lemma iid_centered_orthogonal_noise:
  fixes X :: "nat \<Rightarrow> 'n::finite \<Rightarrow> 'a \<Rightarrow> real"
  assumes "prob_space M"
    and Y: "Y \<in> borel_measurable M" "integrable M (\<lambda>\<omega>. (Y \<omega>)\<^sup>2)"
    and indep: "prob_space.indep_vars M (\<lambda>_. borel) (\<lambda>(t, i). X t i) ({1..} \<times> UNIV)"
    and distr: "\<And>t i. 1 \<le> t \<Longrightarrow> distr M borel (X t i) = distr M borel Y"
  shows "orthogonal_noise M (\<lambda>t i \<omega>. X t i \<omega> - prob_space.expectation M Y) (prob_space.variance M Y)"
proof -
  interpret prob_space M by fact
  define \<theta> where "\<theta> = expectation Y"
  have X: "X t i \<in> borel_measurable M" if "1 \<le> t" for t i
    using bspec[OF conjunct1[OF indep[unfolded indep_vars_def]], of "(t, i)"] that by simp
  have same_distr: "integrable M (\<lambda>\<omega>. h (X t i \<omega>)) \<longleftrightarrow> integrable M (\<lambda>\<omega>. h (Y \<omega>))"
    "(\<integral>\<omega>. h (X t i \<omega>) \<partial>M) = (\<integral>\<omega>. h (Y \<omega>) \<partial>M)"
    if "1 \<le> t" "h \<in> borel_measurable borel" for t i and h :: "real \<Rightarrow> real"
    using identical_distr_integrable_iff[OF distr X Y(1) that(2)]
      identical_distr_integral_eq[OF distr X Y(1) that(2)] that(1) by auto
  have centering: "(\<lambda>x. x - \<theta>) \<in> borel_measurable borel" "(\<lambda>x. (x - \<theta>)\<^sup>2) \<in> borel_measurable borel"
    by simp_all
  have "integrable M Y"
    by (rule square_integrable_imp_integrable[OF Y])
  have "(\<lambda>\<omega>. (Y \<omega> - \<theta>)\<^sup>2) = (\<lambda>\<omega>. (Y \<omega>)\<^sup>2 - 2 * \<theta> * Y \<omega> + \<theta>\<^sup>2)"
    by (simp add: fun_eq_iff power2_diff algebra_simps)
  then have Y_centered: "integrable M (\<lambda>\<omega>. (Y \<omega> - \<theta>)\<^sup>2)"
    using Y(2) \<open>integrable M Y\<close> by simp
  have X_centered: "integrable M (\<lambda>\<omega>. X t i \<omega> - \<theta>)" "expectation (\<lambda>\<omega>. X t i \<omega> - \<theta>) = 0"
    if "1 \<le> t" for t i
    using same_distr[OF that centering(1)] \<open>integrable M Y\<close>
    by (simp_all add: \<theta>_def prob_space)
  have X_indep: "indep_vars (\<lambda>_. borel) (\<lambda>(t, i) \<omega>. X t i \<omega> - \<theta>) ({1..} \<times> UNIV)"
    using indep_vars_compose2[OF indep, of "\<lambda>_ x. x - \<theta>" "\<lambda>_. borel"]
    by (simp add: case_prod_beta')
  show ?thesis
    unfolding \<theta>_def[symmetric]
  proof unfold_locales
    fix s s' :: nat and i j :: 'n
    assume s: "1 \<le> s"
    show "(\<lambda>\<omega>. X s i \<omega> - \<theta>) \<in> borel_measurable M"
      using X[OF s] by simp
    show "integrable M (\<lambda>\<omega>. (X s i \<omega> - \<theta>)\<^sup>2)"
      "expectation (\<lambda>\<omega>. (X s i \<omega> - \<theta>)\<^sup>2) = expectation (\<lambda>\<omega>. (Y \<omega> - \<theta>)\<^sup>2)"
      using same_distr[OF s centering(2)] Y_centered by (simp_all add: \<theta>_def)
    assume "1 \<le> s'" "(s, i) \<noteq> (s', j)"
    then show "expectation (\<lambda>\<omega>. (X s i \<omega> - \<theta>) * (X s' j \<omega> - \<theta>)) = 0"
      using indep_vars_expectation_mult_centered[OF X_indep, of "(s, i)" "(s', j)"] X_centered s
      by simp
  qed
qed

section \<open>Mean-square error of the consensus estimator\<close>

locale consensus_estimator = orthogonal_noise M "\<lambda>s i \<omega>. X s i \<omega> - \<theta>" V
  for M :: "'a measure" and X :: "nat \<Rightarrow> 'n::finite \<Rightarrow> 'a \<Rightarrow> real" and \<theta> V +
  fixes A :: "real ^ 'n ^ 'n"
  assumes stochastic: "stochastic_matrix A"
begin

lemma theta_hat_error_eq:
  assumes "1 \<le> t"
  shows "theta_hat A X t \<omega> - (\<chi> i. \<theta>)
    = (1 / real t) *\<^sub>R propagated_noise A (\<lambda>s i \<omega>. X s i \<omega> - \<theta>) (t - 1) \<omega>"
proof -
  obtain k where t: "t = Suc k"
    using assms by (cases t) auto
  show ?thesis
    unfolding t theta_hat_def est_aux_error_eq[OF stochastic, symmetric] by simp
qed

About this task
All lines from the first line of the listing above through the line containing "identical_distr_integral_eq[OF distr X" are to be retyped exactly. Leave out any other line.

Solution to this exercise
lemma iid_centered_orthogonal_noise:
  fixes X :: "nat \<Rightarrow> 'n::finite \<Rightarrow> 'a \<Rightarrow> real"
  assumes "prob_space M"
    and Y: "Y \<in> borel_measurable M" "integrable M (\<lambda>\<omega>. (Y \<omega>)\<^sup>2)"
    and indep: "prob_space.indep_vars M (\<lambda>_. borel) (\<lambda>(t, i). X t i) ({1..} \<times> UNIV)"
    and distr: "\<And>t i. 1 \<le> t \<Longrightarrow> distr M borel (X t i) = distr M borel Y"
  shows "orthogonal_noise M (\<lambda>t i \<omega>. X t i \<omega> - prob_space.expectation M Y) (prob_space.variance M Y)"
proof -
  interpret prob_space M by fact
  define \<theta> where "\<theta> = expectation Y"
  have X: "X t i \<in> borel_measurable M" if "1 \<le> t" for t i
    using bspec[OF conjunct1[OF indep[unfolded indep_vars_def]], of "(t, i)"] that by simp
  have same_distr: "integrable M (\<lambda>\<omega>. h (X t i \<omega>)) \<longleftrightarrow> integrable M (\<lambda>\<omega>. h (Y \<omega>))"
    "(\<integral>\<omega>. h (X t i \<omega>) \<partial>M) = (\<integral>\<omega>. h (Y \<omega>) \<partial>M)"
    if "1 \<le> t" "h \<in> borel_measurable borel" for t i and h :: "real \<Rightarrow> real"
    using identical_distr_integrable_iff[OF distr X Y(1) that(2)]
      identical_distr_integral_eq[OF distr X Y(1) that(2)] that(1) by auto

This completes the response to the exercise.